Die Basis bildet, wie auch in all ihren folgenden, oft sehr aufwendigen Projekten, die Auseinandersetzung mit den Biographien und Werken der Künstlerinnen, die Anfertigung ihrer Kleidung, die Aneignung ihres Blickes und ihrer Haltung. Der Prozess der Verwandlung in die Künstlerinnen wurde für „Vorbilder“ mit der Videokamera dokumentiert. Die Fotos, Polaroids, entstanden damals zunächst als Nebenprodukte – rückten jedoch alsbald in den Mittelpunkt.

Frauen, Künstlerinnen, Pionierinnen und Vorreiterinnen der Geschichte stehen zumeist im Fokus von Andessners künstlerischer Arbeit.
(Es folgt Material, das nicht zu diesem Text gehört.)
(* Let $n\ge 1$ be an integer and $\beta>0$. Let $(s,z)$ be the Nielsen–Olesen vortex profile, i.e. real functions on $(0,\infty)$ solving \begin{align*} &s''+\tfrac{s'}{r}-\big[z^2+\tfrac{\beta}{2}(s^2-1)\big]s=0,\\ &z''+\tfrac{z'}{r}-\tfrac{z}{r^2}-zs^2=0, \end{align*} with $s=s_0r^n(1+o(1))$ and $z=\frac{n}{r}+z_0r+o(r)$ as $r\to 0$, and $s\to 1$, $z\to 0$ exponentially as $r\to\infty$. Then the coefficient $z_0$ in the expansion $z=\frac{n}{r}+z_0r+\dots$ near the origin is negative.
   Context: $s$ is the normalized Higgs magnitude and $z-\frac{n}{r}$ the dimensionless azimuthal $Z$ potential of the Nielsen–Olesen vortex with winding number $n$; $\beta=(M_H/M_Z)^2$. *)

theory Defs
  imports "HOL-Analysis.Analysis" "HOL-Library.Landau_Symbols"
begin

end

theory Submission
  imports Defs "HOL-Real_Asymp.Real_Asymp"
begin

text \<open>
  Write \<open>w = r z\<close> and \<open>Q = w'/r = z' + z/r\<close>; the \<open>z\<close>-equation says exactly \<open>Q' = z s\<^sup>2\<close>.
  Near the origin \<open>w = n + z\<^sub>0 r\<^sup>2 + o(r\<^sup>2)\<close>, and \<open>w \<rightarrow> 0\<close> at infinity. Suppose \<open>z\<^sub>0 \<ge> 0\<close>
  and let \<open>a\<close> be the first radius where \<open>w\<close> drops to \<open>n/2\<close>. On \<open>(0,a)\<close> we have \<open>z > 0\<close>, so
  \<open>Q\<close> is nondecreasing; comparing \<open>w(p) - n \<le> Q(r) p\<^sup>2/2\<close> (for \<open>p \<le> r\<close>) with the expansion
  gives \<open>Q \<ge> 2 z\<^sub>0 \<ge> 0\<close>, so \<open>w\<close> is nondecreasing on \<open>(0,a]\<close> and \<open>w(a) \<ge> n\<close>, a contradiction.
  Of the Higgs field only \<open>s\<^sup>2 \<ge> 0\<close> enters.
\<close>

lemma first_crossing_below:
  fixes w :: "real \<Rightarrow> real"
  assumes cont: "continuous_on {0<..} w" and lim: "(w \<longlongrightarrow> L) (at_right 0)"
    and lim_top: "(w \<longlongrightarrow> M) at_top" and "M < c" "c < L"
  obtains a where "0 < a" "w a \<le> c" "\<And>t. 0 < t \<Longrightarrow> t < a \<Longrightarrow> c < w t"
proof -
  have "\<forall>\<^sub>F t in at_right 0. c < w t"
    using order_tendstoD(1)[OF lim \<open>c < L\<close>] .
  then obtain b where "b > 0" and above: "\<And>t. 0 < t \<Longrightarrow> t < b \<Longrightarrow> c < w t"
    by (auto simp: eventually_at_right_field)
  have "\<forall>\<^sub>F t in at_top. b \<le> t \<and> w t < c"
    using order_tendstoD(2)[OF lim_top \<open>M < c\<close>] by (intro eventually_conj eventually_ge_at_top)
  then obtain R where "b \<le> R" "w R \<le> c"
    using eventually_happens'[OF trivial_limit_at_top_linorder] by (auto intro: less_imp_le)
  define K where "K = {b/2..R} \<inter> w -` {..c}"
  have "R \<in> K"
    using \<open>b > 0\<close> \<open>b \<le> R\<close> \<open>w R \<le> c\<close> by (simp add: K_def)
  moreover have "closed K"
    unfolding K_def using \<open>b > 0\<close>
    by (intro continuous_closed_preimage continuous_on_subset[OF cont]) auto
  moreover have "bdd_below K"
    unfolding K_def by (rule bdd_belowI[of _ "b/2"]) auto
  ultimately have "Inf K \<in> K"
    using closed_contains_Inf by blast
  show thesis
  proof
    show "0 < Inf K" "w (Inf K) \<le> c"
      using \<open>Inf K \<in> K\<close> \<open>b > 0\<close> by (auto simp: K_def)
    show "c < w t" if "0 < t" "t < Inf K" for t
    proof (cases "t < b")
      case False
      then have "t \<notin> K"
        using that cInf_lower[OF _ \<open>bdd_below K\<close>] by force
      then show ?thesis
        using False that \<open>Inf K \<in> K\<close> \<open>b > 0\<close> by (auto simp: K_def)
    qed (use above that in auto)
  qed
qed

lemma mono_on_greaterThanLessThan_if_deriv_nonneg:
  fixes f f' :: "real \<Rightarrow> real"
  assumes "\<And>x. a < x \<Longrightarrow> x < b \<Longrightarrow> (f has_real_derivative f' x) (at x)"
    and "\<And>x. a < x \<Longrightarrow> x < b \<Longrightarrow> 0 \<le> f' x"
  shows "mono_on {a<..<b} f"
proof (rule mono_onI)
  fix t u assume tu: "t \<in> {a<..<b}" "u \<in> {a<..<b}" "t \<le> u"
  show "f t \<le> f u"
  proof (rule DERIV_nonneg_imp_nondecreasing[OF \<open>t \<le> u\<close>])
    fix x assume "t \<le> x" "x \<le> u"
    then show "\<exists>y. (f has_real_derivative y) (at x) \<and> 0 \<le> y"
      using tu assms by force
  qed
qed

lemma monotone_flux_deviation_le:
  fixes w Q :: "real \<Rightarrow> real"
  assumes dw: "\<And>t. 0 < t \<Longrightarrow> t < a \<Longrightarrow> (w has_real_derivative t * Q t) (at t)"
    and Q: "mono_on {0<..<a} Q" and lim: "(w \<longlongrightarrow> L) (at_right 0)"
    and "0 < p" "p \<le> r" "r < a"
  shows "w p - L \<le> Q r * p^2 / 2"
proof -
  define g where "g t = w t - Q r * t^2 / 2" for t
  have "g p \<le> g t" if "0 < t" "t \<le> p" for t
  proof (rule DERIV_nonpos_imp_nonincreasing[OF \<open>t \<le> p\<close>])
    fix x assume x: "t \<le> x" "x \<le> p"
    have "Q x \<le> Q r"
      using x that assms by (intro mono_onD[OF Q]) auto
    then have "x * Q x - Q r * x \<le> 0"
      using x that by (simp add: mult_nonneg_nonpos flip: right_diff_distrib')
    moreover have "(g has_real_derivative x * Q x - Q r * x) (at x)"
      unfolding g_def using x that assms
      by (auto intro!: derivative_eq_intros dw)
    ultimately show "\<exists>y. (g has_real_derivative y) (at x) \<and> y \<le> 0"
      by blast
  qed
  then have "\<forall>\<^sub>F t in at_right 0. g p \<le> g t"
    using eventually_at_right_real[OF \<open>0 < p\<close>] by (auto elim: eventually_mono)
  moreover have "(g \<longlongrightarrow> L - Q r * 0^2 / 2) (at_right 0)"
    unfolding g_def by (intro tendsto_intros lim) simp
  ultimately have "g p \<le> L"
    using tendsto_lowerbound by fastforce
  then show ?thesis
    by (simp add: g_def)
qed

lemma monotone_flux_ge_twice_quotient_limit:
  fixes w Q :: "real \<Rightarrow> real"
  assumes dw: "\<And>t. 0 < t \<Longrightarrow> t < a \<Longrightarrow> (w has_real_derivative t * Q t) (at t)"
    and Q: "mono_on {0<..<a} Q" and lim: "(w \<longlongrightarrow> L) (at_right 0)"
    and quot: "((\<lambda>p. (w p - L) / p^2) \<longlongrightarrow> k) (at_right 0)"
    and "0 < r" "r < a"
  shows "2 * k \<le> Q r"
proof -
  have "(w p - L) / p^2 \<le> Q r / 2" if "0 < p" "p < r" for p
    using monotone_flux_deviation_le[OF dw Q lim, of p r] that \<open>r < a\<close>
    by (simp add: divide_le_eq)
  then have "\<forall>\<^sub>F p in at_right 0. (w p - L) / p^2 \<le> Q r / 2"
    using eventually_at_right_real[OF \<open>0 < r\<close>] by (auto elim: eventually_mono)
  then have "k \<le> Q r / 2"
    by (rule tendsto_upperbound[OF quot]) simp
  then show ?thesis
    by simp
qed

lemma monotone_flux_limit_le:
  fixes w Q :: "real \<Rightarrow> real"
  assumes dw: "\<And>t. 0 < t \<Longrightarrow> t < a \<Longrightarrow> (w has_real_derivative t * Q t) (at t)"
    and cont: "continuous_on {0<..a} w"
    and Q: "mono_on {0<..<a} Q" and lim: "(w \<longlongrightarrow> L) (at_right 0)"
    and quot: "((\<lambda>p. (w p - L) / p^2) \<longlongrightarrow> k) (at_right 0)"
    and "0 \<le> k" "0 < a"
  shows "L \<le> w a"
proof -
  have "w t \<le> w a" if "0 < t" "t \<le> a" for t
  proof (rule DERIV_nonneg_imp_increasing_open[OF \<open>t \<le> a\<close>])
    fix x assume x: "t < x" "x < a"
    have "0 \<le> Q x"
      using monotone_flux_ge_twice_quotient_limit[OF dw Q lim quot, of x] x that \<open>0 \<le> k\<close> by simp
    then show "\<exists>y. (w has_real_derivative y) (at x) \<and> 0 \<le> y"
      using dw[of x] x that by force
  qed (use that in \<open>auto intro: continuous_on_subset[OF cont]\<close>)
  then have "\<forall>\<^sub>F t in at_right 0. w t \<le> w a"
    using eventually_at_right_real[OF \<open>0 < a\<close>] by (auto elim: eventually_mono)
  then show ?thesis
    using tendsto_upperbound[OF lim] by simp
qed

lemma has_real_derivative_mult_ident:
  assumes "(z has_real_derivative z') (at r)" "r \<noteq> 0"
  shows "((\<lambda>t. t * z t) has_real_derivative r * (z' + z r / r)) (at r)"
  using assms by (auto intro!: derivative_eq_intros simp: field_simps)

lemma bessel_flux_has_real_derivative:
  fixes z z' z'' s :: "real \<Rightarrow> real"
  assumes "(z has_real_derivative z' r) (at r)" "(z' has_real_derivative z'' r) (at r)"
    and "z'' r + z' r / r - z r / r^2 - z r * (s r)^2 = 0" "r \<noteq> 0"
  shows "((\<lambda>t. z' t + z t / t) has_real_derivative z r * (s r)^2) (at r)"
proof -
  have "((\<lambda>t. z' t + z t / t) has_real_derivative z'' r + (z' r * r - z r) / r^2) (at r)"
    using assms by (auto intro!: derivative_eq_intros simp: power2_eq_square)
  moreover have "z'' r = z r / r^2 - z' r / r + z r * (s r)^2"
    using assms(3) by linarith
  then have "z'' r + (z' r * r - z r) / r^2 = z r * (s r)^2"
    using \<open>r \<noteq> 0\<close> by (simp add: field_simps power2_eq_square)
  ultimately show ?thesis
    by simp
qed

lemma smallo_expansion_imp_tendsto_quotient:
  fixes z :: "real \<Rightarrow> real"
  assumes "(\<lambda>r. z r - c / r - k * r) \<in> o[at_right 0](\<lambda>r. r)"
  shows "((\<lambda>r. (r * z r - c) / r^2) \<longlongrightarrow> k) (at_right 0)"
proof -
  have "((\<lambda>r. k + (z r - c / r - k * r) / r) \<longlongrightarrow> k + 0) (at_right 0)"
    using smalloD_tendsto[OF assms] by (intro tendsto_intros)
  moreover have "\<forall>\<^sub>F r in at_right 0. k + (z r - c / r - k * r) / r = (r * z r - c) / r^2"
    by (auto simp: eventually_at_right_field field_simps power2_eq_square intro!: exI[of _ 1])
  ultimately show ?thesis
    using tendsto_cong by force
qed

lemma tendsto_quotient_imp_tendsto:
  fixes w :: "real \<Rightarrow> real"
  assumes "((\<lambda>r. (w r - c) / r^2) \<longlongrightarrow> k) (at_right 0)"
  shows "(w \<longlongrightarrow> c) (at_right 0)"
proof -
  have "((\<lambda>r. c + r^2 * ((w r - c) / r^2)) \<longlongrightarrow> c + 0^2 * k) (at_right 0)"
    using assms by (intro tendsto_intros)
  moreover have "\<forall>\<^sub>F r in at_right 0. c + r^2 * ((w r - c) / r^2) = w r"
    by (auto simp: eventually_at_right_field intro!: exI[of _ 1])
  ultimately show ?thesis
    using tendsto_cong by force
qed

lemma exp_decay_imp_mult_ident_tendsto_zero:
  fixes z :: "real \<Rightarrow> real"
  assumes "\<exists>C a. a > 0 \<and> (\<forall>\<^sub>F r in at_top. \<bar>z r\<bar> \<le> C * exp (- a * r))"
  shows "((\<lambda>r. r * z r) \<longlongrightarrow> 0) at_top"
proof -
  obtain C a where "a > 0" and bound: "\<forall>\<^sub>F r in at_top. \<bar>z r\<bar> \<le> C * exp (- a * r)"
    using assms by blast
  have "\<forall>\<^sub>F r in at_top. norm (r * z r) \<le> r * C * exp (- a * r)"
    using bound eventually_gt_at_top[of 0]
    by eventually_elim (auto simp: abs_mult intro: order_trans[OF mult_left_mono])
  moreover have "((\<lambda>r. r * C * exp (- a * r)) \<longlongrightarrow> 0) at_top"
    using \<open>a > 0\<close> by real_asymp
  ultimately show ?thesis
    by (rule Lim_null_comparison)
qed

theorem lemma2:
  fixes n :: nat and \<beta> s0 z0 :: real
    and s s' s'' z z' z'' :: "real \<Rightarrow> real"
  assumes n: "n \<ge> 1" and beta: "\<beta> > 0"
    and ds: "\<And>r. r > 0 \<Longrightarrow> (s has_real_derivative s' r) (at r)"
    and ds': "\<And>r. r > 0 \<Longrightarrow> (s' has_real_derivative s'' r) (at r)"
    and dz: "\<And>r. r > 0 \<Longrightarrow> (z has_real_derivative z' r) (at r)"
    and dz': "\<And>r. r > 0 \<Longrightarrow> (z' has_real_derivative z'' r) (at r)"
    and eq_s: "\<And>r. r > 0 \<Longrightarrow>
      s'' r + s' r / r - ((z r)^2 + \<beta> / 2 * ((s r)^2 - 1)) * s r = 0"
    and eq_z: "\<And>r. r > 0 \<Longrightarrow>
      z'' r + z' r / r - z r / r^2 - z r * (s r)^2 = 0"
    and s_zero: "(\<lambda>r. s r - s0 * r ^ n) \<in> o[at_right 0](\<lambda>r. s0 * r ^ n)"
    and z_zero: "(\<lambda>r. z r - real n / r - z0 * r) \<in> o[at_right 0](\<lambda>r. r)"
    and s_inf: "\<exists>C a. a > 0 \<and> (\<forall>\<^sub>F r in at_top. \<bar>s r - 1\<bar> \<le> C * exp (- a * r))"
    and z_inf: "\<exists>C a. a > 0 \<and> (\<forall>\<^sub>F r in at_top. \<bar>z r\<bar> \<le> C * exp (- a * r))"
  shows "z0 < 0"
proof (rule ccontr)
  assume "\<not> z0 < 0"
  define w where "w r = r * z r" for r
  define Q where "Q r = z' r + z r / r" for r
  have dw: "(w has_real_derivative r * Q r) (at r)" if "r > 0" for r
    unfolding w_def Q_def using has_real_derivative_mult_ident[OF dz] that by simp
  have dQ: "(Q has_real_derivative z r * (s r)^2) (at r)" if "r > 0" for r
    unfolding Q_def using dz[OF that] dz'[OF that] eq_z[OF that] that
    by (intro bessel_flux_has_real_derivative) auto
  have cont: "continuous_on {0<..} w"
    using dw by (auto intro: DERIV_continuous continuous_at_imp_continuous_on)
  have quot: "((\<lambda>r. (w r - n) / r^2) \<longlongrightarrow> z0) (at_right 0)"
    unfolding w_def by (rule smallo_expansion_imp_tendsto_quotient[OF z_zero])
  note lim = tendsto_quotient_imp_tendsto[OF quot]
  have "(w \<longlongrightarrow> 0) at_top"
    unfolding w_def using z_inf by (rule exp_decay_imp_mult_ident_tendsto_zero)
  moreover have "0 < real n / 2" "real n / 2 < n"
    using n by auto
  ultimately obtain a where "0 < a" "w a \<le> n / 2"
    and above: "\<And>t. 0 < t \<Longrightarrow> t < a \<Longrightarrow> n / 2 < w t"
    using first_crossing_below[OF cont lim] by metis
  have "mono_on {0<..<a} Q"
  proof (rule mono_on_greaterThanLessThan_if_deriv_nonneg[OF dQ])
    fix t assume "0 < t" "t < a"
    then have "0 < t * z t"
      using above[of t] unfolding w_def by simp
    then show "0 \<le> z t * (s t)^2"
      using \<open>0 < t\<close> by (simp add: zero_less_mult_iff)
  qed
  then have "n \<le> w a"
    using \<open>\<not> z0 < 0\<close> \<open>0 < a\<close>
    by (intro monotone_flux_limit_le[OF dw continuous_on_subset[OF cont] _ lim quot]) auto
  then show False
    using \<open>w a \<le> n / 2\<close> n by simp
qed

end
Es sind starke und politisch engagierte Frauen, kreativ, klug und in jeder Hinsicht bemerkenswert und alle oft zu Unrecht vergessen. Sie werden von Irene Andessner unmissverständlich wieder in den Mittelpunkt gestellt: Von Barbara Bloomberg (1527–1597), Regensburger Bürgerstochter und Geliebte von Kaiser Karl V.,  Milli Stubel-Orth (1852–1890), Balletteuse an der Wiener Hofoper und spätere Ehefrau von Erzherzog Johann Salvator (später Johann Orth), den „Frauen von Salzburg“ bis hin zu großen Projekten wie „I.M. Dietrich“, 2001 und „Donne Illustri“, 2003.

Über ein Jahr lang befasste sich Andessner mit dem „Mythos Marlene“ und vollzog eine schrittweise Verwandlung in „die Dietrich“, vom blond gefärbten Haar über die Hosenanzügen, die sie nach Originalschnitten der Schauspielerin anfertigen ließ, bis hin zum Auftritt als Sängerin auf einer Kölner Travestiebühne. Der Frack, den Andessner auf einem der Fotos trägt, stammt von Marlene Dietrichs Lieblingsschneider Knize. Um die Arbeitsergebnisse mit ihrem zweiten Vornamen Maria mit „I.M. Dietrich“ zu signieren, castete sie Männer mit dem Nachnamen Dietrich, die bereit waren eine „Ehe für die Kunst“ einzugehen. Geheiratet wurde – festgehalten durch Kameraleute und Fotografen – in Charlottenburg, die Scheidung erfolgte nach Abschluss des Projektes.

Weiter lesen Sie in unserer PARNASS Ausgabe 03/2021!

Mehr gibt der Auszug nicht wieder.